Голос его звучал хрипло и неестественно, и говорил он с видимым усилием.

– Мясо стало редкостью, – ответил его товарищ. – Вот уже несколько дней, как нам не попадался след зайца.

После этого они замолчали, продолжая чутко прислушиваться к крикам, раздававшимся сзади, то тут, то там.

С наступлением темноты они направили собак к группе елей, высившихся на краю дороги, и остановились на ночлег. Гроб, поставленный около костра, служил им одновременно скамьей и столом. Собаки, сбившись в кучу у дальнего края костра, рычали и грызлись между собой, не обнаруживая ни малейшего стремления порыскать в темноте.

– Мне кажется, Генри, что они что-то чересчур усердно жмутся к костру, – сказал Билл.

Генри, сидевший на корточках около костра и опускавший в этот момент кусочек льда в кофе, чтобы осадить гущу, кивнул в ответ. Он не произнес ни слова до тех пор, пока не уселся на гроб и не принялся за еду.

– Они знают, где безопаснее, – ответил он, – и предпочитают есть сами, а не стать пищей для других. Собаки умные животные.

Билл покачал головой:

– Ну, не знаю…

Товарищ с удивлением посмотрел на него.

– В первый раз слышу, что ты не признаешь за ними ума, Билл!

– Генри, – ответил тот, задумчиво разжевывая бобы, – заметил ты, как они вырывали сегодня друг у друга куски, когда я кормил их?

– Да, больше чем обыкновенно, – согласился Генри.

– Сколько у нас собак, Генри?

– Шесть.

– Хорошо, Генри… – Билл на минуту остановился как бы для того, чтобы придать своим словам еще больше веса. – Так, у нас шесть собак, и я взял из мешка шесть рыбин. Я дал каждой по рыбе и… Генри, одной рыбы мне не хватило!

– Ты ошибся в счете!

– У нас шесть собак, – хладнокровно повторил Билл. – И я взял шесть рыбин, но Одноухий остался без рыбы. Я вернулся и взял из мешка еще одну рыбу.

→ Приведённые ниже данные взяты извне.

(* Let $(S,\curlyvee)$ be an algebra with one binary operation. Then $(S,\curlyvee)$ is functional (isomorphic to a set of partial functions closed under restricted union, with $\curlyvee$ interpreted as restricted union) if and only if $(S,\curlyvee)$ is a $\curlyvee$-algebra. Moreover, the class of $\curlyvee$-algebras consists of (algebras isomorphic to) subdirect products of flat $\curlyvee$-algebras.
   Context: For sets $X,Y$, $\mathrm{Par}(X,Y)$ is the set of partial functions from $X$ to $Y$, viewed as sets of ordered pairs. For $f,g\in\mathrm{Par}(X,Y)$ let $g-f$ denote the restriction of $g$ to $X\setminus\mathrm{dom}(f)$. Restricted union is $f\curlyvee g=(f-g)\cup(f\cap g)\cup(g-f)$ (the restriction of the relation $f\cup g$ to the points where it is single-valued). An algebra $(S,\curlyvee)$ is functional if it is isomorphic to $(A,\curlyvee)$ for some $A\subseteq\mathrm{Par}(X,Y)$ closed under $\curlyvee$, for some sets $X,Y$. A left regular band is a set with a binary operation $\sqcup$ satisfying $a\sqcup(b\sqcup c)=(a\sqcup b)\sqcup c$, $a\sqcup a=a$, $a\sqcup b=(a\sqcup b)\sqcup a$. On an algebra with operation $\sqcup$ write $a\lesssim b$ iff $b\sqcup a=b$. A $\curlyvee$-algebra is an algebra $(S,\curlyvee)$ such that, defining $a\sqcup b=a\curlyvee(a\curlyvee b)$ for all $a,b\in S$: $(S,\sqcup)$ is a left regular band; $\curlyvee$ is commutative and idempotent; $(a\curlyvee b)\sqcup(a\sqcup b)=a\sqcup b$; $a\sqcup(b\curlyvee c)=(a\sqcup b)\curlyvee(a\sqcup c)$; and for all $a,b,c,d$, if $d\lesssim a$, $d\lesssim b$, $d\lesssim c$, $d\lesssim a\curlyvee b$ and $d\lesssim b\curlyvee c$ then $d\lesssim a\curlyvee c$. A flat $\curlyvee$-algebra is an algebra $(S,\curlyvee)$ with an element $0\in S$ such that $a\curlyvee b=0$ whenever $a,b$ are distinct and both different from $0$, and $a\curlyvee a=a$, $a\curlyvee 0=0\curlyvee a=a$ for all $a\in S$. *)

theory Defs
  imports Main "HOL-Library.FuncSet"
begin

definition Par :: "'x set \<Rightarrow> 'y set \<Rightarrow> ('x \<times> 'y) set set" where
  "Par X Y = {f. f \<subseteq> X \<times> Y \<and> (\<forall>x y z. (x, y) \<in> f \<and> (x, z) \<in> f \<longrightarrow> y = z)}"

definition pminus :: "('x \<times> 'y) set \<Rightarrow> ('x \<times> 'y) set \<Rightarrow> ('x \<times> 'y) set" where
  "pminus g f = {(x, y) \<in> g. x \<notin> Domain f}"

– У нас только шесть собак, – проворчал Генри.

– Генри, – продолжал Билл, – я не говорю, что это все были собаки, но получили по рыбе семеро.

Генри перестал есть и через огонь пересчитал глазами собак.

– Их только шесть, – сказал он.

– Я видел, как одна убегала по снегу, – настойчиво заявил Билл. – Их было семь.

Генри соболезнующе посмотрел на него.

– Знаешь, Билл, я буду очень рад, когда это путешествие закончится.

– Что ты этим хочешь сказать?

– Мне кажется, эта обстановка начинает действовать тебе на нервы и тебе мерещатся несуществующие вещи.

– Я сам подумал об этом, – серьезно заметил Билл, – и поэтому, когда она убежала, я тщательно осмотрел снег и нашел ее следы. Затем я внимательно пересчитал собак: их было только шесть. Следы еще сохранились на снегу. Хочешь, я покажу тебе их?

Генри ничего не ответил и продолжал молча жевать. Окончив есть, он выпил кофе и, обтерев рот тыльной стороной руки, сказал:

– Значит, ты думаешь…

Протяжный, зловещий крик, раздавшийся откуда-то из темноты, прервал его.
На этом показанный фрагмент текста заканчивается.